Multi-turn rule: Do NOT include thoughts from previous turns in conversation history. Only include the final parsed answer.

7.3 Modality Input Order

For multimodal prompts, always place image/audio before text for best performance:

messages = [
    {"role": "user", "content": [
        {"type": "image", "url": "..."},    # image FIRST
        {"type": "text", "text": "Describe this image."}  # text AFTER
    ]}
]

7.4 Variable Image Resolution (Token Budget)

Control image detail vs. speed using visual token budgets:

Token Budget	Use Case
70	Video frame classification, fast captioning
140	Lightweight image captioning
280	General image understanding
560	Fine-grained understanding
1120	OCR, document parsing, reading small text

7.5 Audio Constraints

Maximum audio length: 30 seconds
Maximum video length: 60 seconds (at 1 frame per second)
Audio is only supported on E2B and E4B

ASR prompt template:

Transcribe the following speech segment in {LANGUAGE} into {LANGUAGE} text.
Follow these specific instructions:
* Only output the transcription, with no newlines.
* Write numbers as digits: write 1.7, not "one point seven"; write 3, not "three".
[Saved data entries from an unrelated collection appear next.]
lemma feasible_max_exists:
  fixes P :: "'x::finite \<Rightarrow> 'y::finite \<Rightarrow> real"
  assumes "is_pmf2 P" "\<forall>y. 0 < marg_Y P y" "0 \<le> eps"
  shows "\<exists>W0. feasible P eps CARD('y) W0 \<and>
    (\<forall>W. feasible P eps CARD('y) W \<longrightarrow> mutual_info_UY P CARD('y) W \<le> mutual_info_UY P CARD('y) W0)"
proof -
  define n where "n = CARD('y)"
  obtain h where h: "bij_betw h {..<n} (UNIV :: 'y set)"
    using ex_bij_betw_nat_finite[of "UNIV :: 'y set"] by (auto simp: n_def atLeast0LessThan)
  define hinv where "hinv = the_inv_into {..<n} h"
  have hinv: "bij_betw hinv UNIV {..<n}"
    unfolding hinv_def by (rule bij_betw_the_inv_into[OF h])
  define S :: "(real^'y^'y) set" where "S = feasible_matrices P eps"
  define G :: "real^'y^'y \<Rightarrow> real" where "G v = (\<Sum>j\<in>UNIV. info_col P (\<lambda>y. v$j$y))" for v
  define kernel where "kernel v = kernel_of_cols n h (\<lambda>j y. v$j$y)" for v :: "real^'y^'y"
  have kernel: "feasible P eps n (kernel v) \<and> mutual_info_UY P n (kernel v) = G v" if "v \<in> S" for v
    using that assms(2) feasible_kernel_of_cols[OF assms(2) h order_refl]
      mutual_info_kernel_of_cols[OF assms(2) h order_refl]
    by (auto simp: kernel_def S_def G_def feasible_matrices_def col_feasible_def)
  have matrix: "(\<chi> j y. W y (hinv j)) \<in> S \<and> G (\<chi> j y. W y (hinv j)) = mutual_info_UY P n W"
    if "feasible P eps n W" for W
  proof -
    have reindex: "(\<Sum>j\<in>UNIV. f (hinv j)) = (\<Sum>u<n. f u)" for f :: "nat \<Rightarrow> real"
      using sum.reindex_bij_betw[OF hinv] .
    have "hinv j < n" for j using hinv by (auto simp: bij_betw_def)
    then show ?thesis
      using that assms(2) reindex
      by (auto simp: S_def G_def feasible_matrices_def feasible_iff_col_feasible col_feasible_def
          mutual_info_UY_eq_sum_info_col)
  qed
  have "feasible P eps n (\<lambda>y u. if u = 0 then 1 else 0)"
    using assms by (simp add: feasible_iff_col_feasible n_def col_feasible_one if_distrib[of "\<lambda>w. col_feasible P eps w"])
  then have "S \<noteq> {}" using matrix by blast
  moreover have "continuous_on S G"
    unfolding S_def G_def by (rule continuous_on_sum_info_col[OF assms(2)])
  ultimately obtain v0 where "v0 \<in> S" "\<forall>v\<in>S. G v \<le> G v0"
    using continuous_attains_sup[of S G] compact_feasible_matrices by (auto simp: S_def)
  then show ?thesis
    using kernel matrix unfolding n_def by metis
qed

theorem proposition2:
  fixes P :: "'x::finite \<Rightarrow> 'y::finite \<Rightarrow> real" and eps :: real
  assumes "is_pmf2 P"
    and "\<forall>x. 0 < marg_X P x"
    and "\<forall>y. 0 < marg_Y P y"
    and "CARD('x) < CARD('y)"
    and "rank (cond_XY_matrix P) = CARD('x)"
    and "0 \<le> eps"
  shows "Sup {mutual_info_UY P k W | k W. feasible P eps k W}
           = Sup {mutual_info_UY P k W | k W. feasible P eps k W \<and> k \<le> CARD('y)}
         \<and> (\<exists>k0 W0. feasible P eps k0 W0 \<and> k0 \<le> CARD('y) \<and>
              (\<forall>k W. feasible P eps k W \<longrightarrow> mutual_info_UY P k W \<le> mutual_info_UY P k0 W0))"
proof -
  obtain W0 where W0: "feasible P eps CARD('y) W0"
    and W0_max: "\<And>W. feasible P eps CARD('y) W \<Longrightarrow>
      mutual_info_UY P CARD('y) W \<le> mutual_info_UY P CARD('y) W0"
    using feasible_max_exists[OF assms(1,3,6)] by blast
  have upper: "mutual_info_UY P k W \<le> mutual_info_UY P CARD('y) W0" if "feasible P eps k W" for k W
    using feasible_reduce_alphabet[OF assms(3) that] W0_max by (meson order_trans)
  have "Sup {mutual_info_UY P k W | k W. feasible P eps k W} = mutual_info_UY P CARD('y) W0"
    "Sup {mutual_info_UY P k W | k W. feasible P eps k W \<and> k \<le> CARD('y)} = mutual_info_UY P CARD('y) W0"
    by (rule cSup_eq_maximum; use W0 upper in auto)+
  then show ?thesis
    using W0 upper by auto
qed

end
lemma conj_transpose_adj:
  assumes "i \<le> d" shows "conj_transpose (adj R i) \<in> cmat.span (adj R ` {..d})"
proof -
  have "\<forall>i\<le>d. \<exists>i'\<le>d. \<forall>a b. R a b = i \<longleftrightarrow> R b a = i'"
    using scheme unfolding comm_assoc_scheme_def by (elim conjE)
  then obtain i' where "i' \<le> d" and i': "\<And>a b. R a b = i \<longleftrightarrow> R b a = i'"
    using assms by blast
  then have "conj_transpose (adj R i) = adj R i'"
    by (simp add: adj_def vec_eq_iff)
  then show ?thesis
    using \<open>i' \<le> d\<close> by (auto intro: cmat.span_base)
qed

lemma E_hermitian: "j \<le> d \<Longrightarrow> conj_transpose (E j) = E j"
  using E_hermitian_if_span_closed[OF conj_transpose_adj] .

lemma eigval_zero:
  assumes "l \<le> d" shows "eigval 0 l = 1"
proof -
  have "mat (eigval 0 l) ** E l = mat 1 ** E l"
    using A_mult_E[of 0 l] assms by (simp add: adj_zero)
  then show ?thesis
    using E_nonzero[OF assms] cmat.scale_cancel_right[of _ "E l"] by blast
qed

lemma E_over_splitting_field: "j \<le> d \<Longrightarrow> matrix_over (splitting_field d R) (E j)"
proof (rule E_over_subfield[OF splitting_field_subfield])
  show "matrix_over (splitting_field d R) (adj R i)" for i
    by (simp add: matrix_over_def adj_def subfield_zero subfield_one splitting_field_subfield)
  show "eigval i l \<in> splitting_field d R" if "i \<le> d" "l \<le> d" for i l
  proof (cases "i = 0")
    case True
    then show ?thesis
      using that eigval_zero subfield_one[OF splitting_field_subfield] by simp
  next
    case False
    then have "eigval i l \<in> eigenvalues_nontriv d R"
      using that eigval_eigenvector unfolding eigenvalues_nontriv_def by fastforce
    then show ?thesis
      using eigenvalues_in_splitting_field by blast
  qed
qed

lemma design_set_gal_closed:
  assumes rat: "\<forall>a. x $ a \<in> \<rat>" and j: "j \<in> design_set d E x"
    and \<sigma>: "gal_aut (splitting_field d R) \<sigma>" and k: "k \<le> d" and "mat_map \<sigma> (E j) = E k"
  shows "k \<in> design_set d E x"
proof -
  from j have "j \<le> d" and "E j *v x = 0"
    by (simp_all add: design_set_def)
  have "(E k *v x) $ a = \<sigma> ((E j *v x) $ a)" for a
    using gal_aut_matrix_vector_mult[OF splitting_field_subfield \<sigma> E_over_splitting_field[OF \<open>j \<le> d\<close>]]
      rat \<open>mat_map \<sigma> (E j) = E k\<close> by simp
  then show ?thesis
    using \<open>E j *v x = 0\<close> k gal_aut_zero[OF splitting_field_subfield \<sigma>]
    by (simp add: design_set_def vec_eq_iff)
qed

lemma gal_orbit_annihilates:
  assumes "\<forall>a. x $ a \<in> \<rat>" and "i \<le> d" and "E i *v x = 0" and "j \<in> gal_orbit d R E i"
  shows "E j *v x = 0"
  using assms design_set_gal_closed[of x i]
  unfolding gal_orbit_def design_set_def by blast

lemma inner_dist_Q:
  assumes i: "i \<le> d"
  shows "(\<Sum>k\<le>d. inner_dist R x k * Q k i)
    = of_nat CARD('x) * (\<Sum>a\<in>UNIV. \<Sum>b\<in>UNIV. x $ a * E i $ a $ b * x $ b) / (\<Sum>a\<in>UNIV. x $ a * x $ a)"
proof -
  have E_i: "of_nat CARD('x) * E i $ a $ b = (\<Sum>k\<le>d. Q k i * adj R k $ a $ b)" for a b
    using idem i unfolding prim_idempotents_def by simp
  have "(\<Sum>k\<le>d. Q k i * (\<Sum>a\<in>UNIV. \<Sum>b\<in>UNIV. x $ a * adj R k $ a $ b * x $ b))
      = (\<Sum>k\<le>d. \<Sum>a\<in>UNIV. \<Sum>b\<in>UNIV. x $ a * (Q k i * adj R k $ a $ b) * x $ b)"
    by (simp add: sum_distrib_left mult_ac)
  also have "\<dots> = (\<Sum>a\<in>UNIV. \<Sum>k\<le>d. \<Sum>b\<in>UNIV. x $ a * (Q k i * adj R k $ a $ b) * x $ b)"
    by (rule sum.swap)
  also have "\<dots> = (\<Sum>a\<in>UNIV. \<Sum>b\<in>UNIV. \<Sum>k\<le>d. x $ a * (Q k i * adj R k $ a $ b) * x $ b)"
    by (rule sum.cong[OF refl], rule sum.swap)
  also have "\<dots> = (\<Sum>a\<in>UNIV. \<Sum>b\<in>UNIV. x $ a * (of_nat CARD('x) * E i $ a $ b) * x $ b)"
    by (simp only: E_i sum_distrib_left sum_distrib_right)
  finally have "(\<Sum>k\<le>d. Q k i * (\<Sum>a\<in>UNIV. \<Sum>b\<in>UNIV. x $ a * adj R k $ a $ b * x $ b))
      = of_nat CARD('x) * (\<Sum>a\<in>UNIV. \<Sum>b\<in>UNIV. x $ a * E i $ a $ b * x $ b)"
    by (simp add: sum_distrib_left mult_ac)
  then show ?thesis
    by (simp add: inner_dist_def mult.commute flip: sum_divide_distrib)
qed

lemma inner_dist_Q_eq_0_iff:
  assumes rat: "\<forall>a. x $ a \<in> \<rat>" and "x \<noteq> 0" and i: "i \<le> d"
  shows "(\<Sum>k\<le>d. inner_dist R x k * Q k i) = 0 \<longleftrightarrow> E i *v x = 0"
proof -
  have real: "cnj (x $ a) = x $ a" for a
    using rat Rats_cnj by blast
  have "(\<Sum>a\<in>UNIV. x $ a * x $ a) = complex_of_real ((norm x)\<^sup>2)"
    using sum_cnj_mult_self[of x] by (simp add: real)
  moreover have "(\<Sum>a\<in>UNIV. \<Sum>b\<in>UNIV. x $ a * E i $ a $ b * x $ b) = complex_of_real ((norm (E i *v x))\<^sup>2)"
    using quadratic_form_projection[OF real E_hermitian[OF i]] E_mult_E[OF i i] by simp
  ultimately show ?thesis
    using inner_dist_Q[OF i] \<open>x \<noteq> 0\<close> by simp
qed

lemma gal_orbit_subset: "gal_orbit d R E i \<subseteq> {..d}"
  unfolding gal_orbit_def by auto

lemma gal_orbit_sum_annihilates:
  assumes "\<forall>a. x $ a \<in> \<rat>" and "i \<le> d" and "E i *v x = 0"
  shows "(\<Sum>j\<in>gal_orbit d R E i. E j) *v x = 0"
  using gal_orbit_annihilates[OF assms] by (simp add: sum_matrix_vector_mult)

lemma inner_dist_Q_gal_orbit_sum:
  assumes rat: "\<forall>a. x $ a \<in> \<rat>" and "x \<noteq> 0" and i: "i \<le> d"
    and zero: "(\<Sum>k\<le>d. inner_dist R x k * Q k i) = 0"
  shows "(\<Sum>k\<le>d. inner_dist R x k * (\<Sum>j\<in>gal_orbit d R E i. Q k j)) = 0"
proof -
  have "(\<Sum>k\<le>d. inner_dist R x k * Q k j) = 0" if "j \<in> gal_orbit d R E i" for j
    using that gal_orbit_subset gal_orbit_annihilates[OF rat i] zero
      inner_dist_Q_eq_0_iff[OF rat \<open>x \<noteq> 0\<close>] i by blast
  then have "(\<Sum>j\<in>gal_orbit d R E i. \<Sum>k\<le>d. inner_dist R x k * Q k j) = 0"
    by simp
  then show ?thesis
    by (simp add: sum_distrib_left sum.swap[of _ "gal_orbit d R E i"])
qed

end

theorem theorem4p1:
  fixes d :: nat and R :: "'x::finite \<Rightarrow> 'x \<Rightarrow> nat"
    and E :: "nat \<Rightarrow> complex^'x^'x" and Q :: "nat \<Rightarrow> nat \<Rightarrow> complex"
    and x :: "complex^'x"
  assumes scheme: "comm_assoc_scheme d R"
    and idem: "prim_idempotents d R E Q"
    and rat: "\<forall>a. x $ a \<in> \<rat>"
    and nz: "x \<noteq> 0"
  shows
    "(\<forall>j\<in>design_set d E x. \<forall>\<sigma> k. gal_aut (splitting_field d R) \<sigma> \<and> k \<le> d \<and>
          mat_map \<sigma> (E j) = E k \<longrightarrow> k \<in> design_set d E x)
     \<and> (\<forall>j\<in>design_set d E x. gal_orbit d R E j \<subseteq> design_set d E x)
     \<and> (\<forall>i\<le>d. \<forall>j\<le>d. j \<in> gal_orbit d R E i \<longrightarrow>
          ((\<Sum>k\<le>d. inner_dist R x k * Q k i) = 0 \<longrightarrow> (\<Sum>k\<le>d. inner_dist R x k * Q k j) = 0)
        \<and> (E i *v x = 0 \<longrightarrow> E j *v x = 0))
     \<and> (\<forall>i\<le>d. ((\<Sum>k\<le>d. inner_dist R x k * Q k i) = 0 \<longleftrightarrow> E i *v x = 0))
     \<and> (\<forall>i\<le>d.
          ((\<Sum>k\<le>d. inner_dist R x k * Q k i) = 0 \<longrightarrow>
             (\<Sum>k\<le>d. inner_dist R x k * (\<Sum>j\<in>gal_orbit d R E i. Q k j)) = 0)
        \<and> (E i *v x = 0 \<longrightarrow> (\<Sum>j\<in>gal_orbit d R E i. E j) *v x = 0))"
proof -
  interpret assoc_scheme_idempotents d R E Q
    using scheme idem by unfold_locales
  have iff: "\<forall>i\<le>d. (\<Sum>k\<le>d. inner_dist R x k * Q k i) = 0 \<longleftrightarrow> E i *v x = 0"
    using inner_dist_Q_eq_0_iff[OF rat nz] by blast
  have closed: "\<forall>j\<in>design_set d E x. \<forall>\<sigma> k. gal_aut (splitting_field d R) \<sigma> \<and> k \<le> d \<and>
      mat_map \<sigma> (E j) = E k \<longrightarrow> k \<in> design_set d E x"
    using design_set_gal_closed[OF rat] by blast
  then have "\<forall>j\<in>design_set d E x. gal_orbit d R E j \<subseteq> design_set d E x"
    unfolding gal_orbit_def by blast
  moreover have "\<forall>i\<le>d. \<forall>j\<le>d. j \<in> gal_orbit d R E i \<longrightarrow>
      ((\<Sum>k\<le>d. inner_dist R x k * Q k i) = 0 \<longrightarrow> (\<Sum>k\<le>d. inner_dist R x k * Q k j) = 0)
      \<and> (E i *v x = 0 \<longrightarrow> E j *v x = 0)"
    using iff gal_orbit_annihilates[OF rat] by blast
  moreover have "\<forall>i\<le>d.
      ((\<Sum>k\<le>d. inner_dist R x k * Q k i) = 0 \<longrightarrow>
        (\<Sum>k\<le>d. inner_dist R x k * (\<Sum>j\<in>gal_orbit d R E i. Q k j)) = 0)
      \<and> (E i *v x = 0 \<longrightarrow> (\<Sum>j\<in>gal_orbit d R E i. E j) *v x = 0)"
    using inner_dist_Q_gal_orbit_sum[OF rat nz] gal_orbit_sum_annihilates[OF rat] by blast
  ultimately show ?thesis
    using closed iff by blast
qed

end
AST (translation) prompt template:

Transcribe the following speech segment in {SOURCE_LANGUAGE}, then translate it into {TARGET_LANGUAGE}.
Output the transcription in {SOURCE_LANGUAGE}, then one newline, then "{TARGET_LANGUAGE}: ", then the translation.

8. Code Patterns

8.1 Basic Text Inference

from transformers import AutoProcessor, AutoModelForCausalLM

MODEL_ID = "google/gemma-4-E4B-it"  # replace with desired model

processor = AutoProcessor.from_pretrained(MODEL_ID)
model = AutoModelForCausalLM.from_pretrained(
    MODEL_ID, dtype="auto", device_map="auto"
)

messages = [
    {"role": "system", "content": "You are a helpful assistant."},
    {"role": "user", "content": "Explain the Mixture of Experts architecture."},
]

text = processor.apply_chat_template(
    messages,
    tokenize=False,
    add_generation_prompt=True,
    enable_thinking=False,  # set True to enable reasoning
)
inputs = processor(text=text, return_tensors="pt").to(model.device)
input_len = inputs["input_ids"].shape[-1]
outputs = model.generate(
    **inputs,
    max_new_tokens=1024,
    temperature=1.0,
    top_p=0.95,
    top_k=64,
    do_sample=True,
)
response = processor.decode(outputs[0][input_len:], skip_special_tokens=False)
parsed = processor.parse_response(response)
print(parsed)

8.2 Enable Thinking Mode

text = processor.apply_chat_template(
    messages,
    tokenize=False,
    add_generation_prompt=True,
    enable_thinking=True,  # enable reasoning
)
outputs = model.generate(**inputs, max_new_tokens=4096)
response = processor.decode(outputs[0][input_len:], skip_special_tokens=False)
parsed = processor.parse_response(response)
# parsed["thinking"]  -- contains the reasoning trace
# parsed["response"] -- contains the final answer

8.3 Image Input

from PIL import Image

messages = [
    {"role": "user", "content": [
        {"type": "image", "url": "https://example.com/chart.png"},  # or local path
        {"type": "text", "text": "What trend does this chart show?"},
    ]}
]

text = processor.apply_chat_template(
    messages, tokenize=False, add_generation_prompt=True
)
image = Image.open("chart.png")
inputs = processor(text=text, images=[image], return_tensors="pt").to(model.device)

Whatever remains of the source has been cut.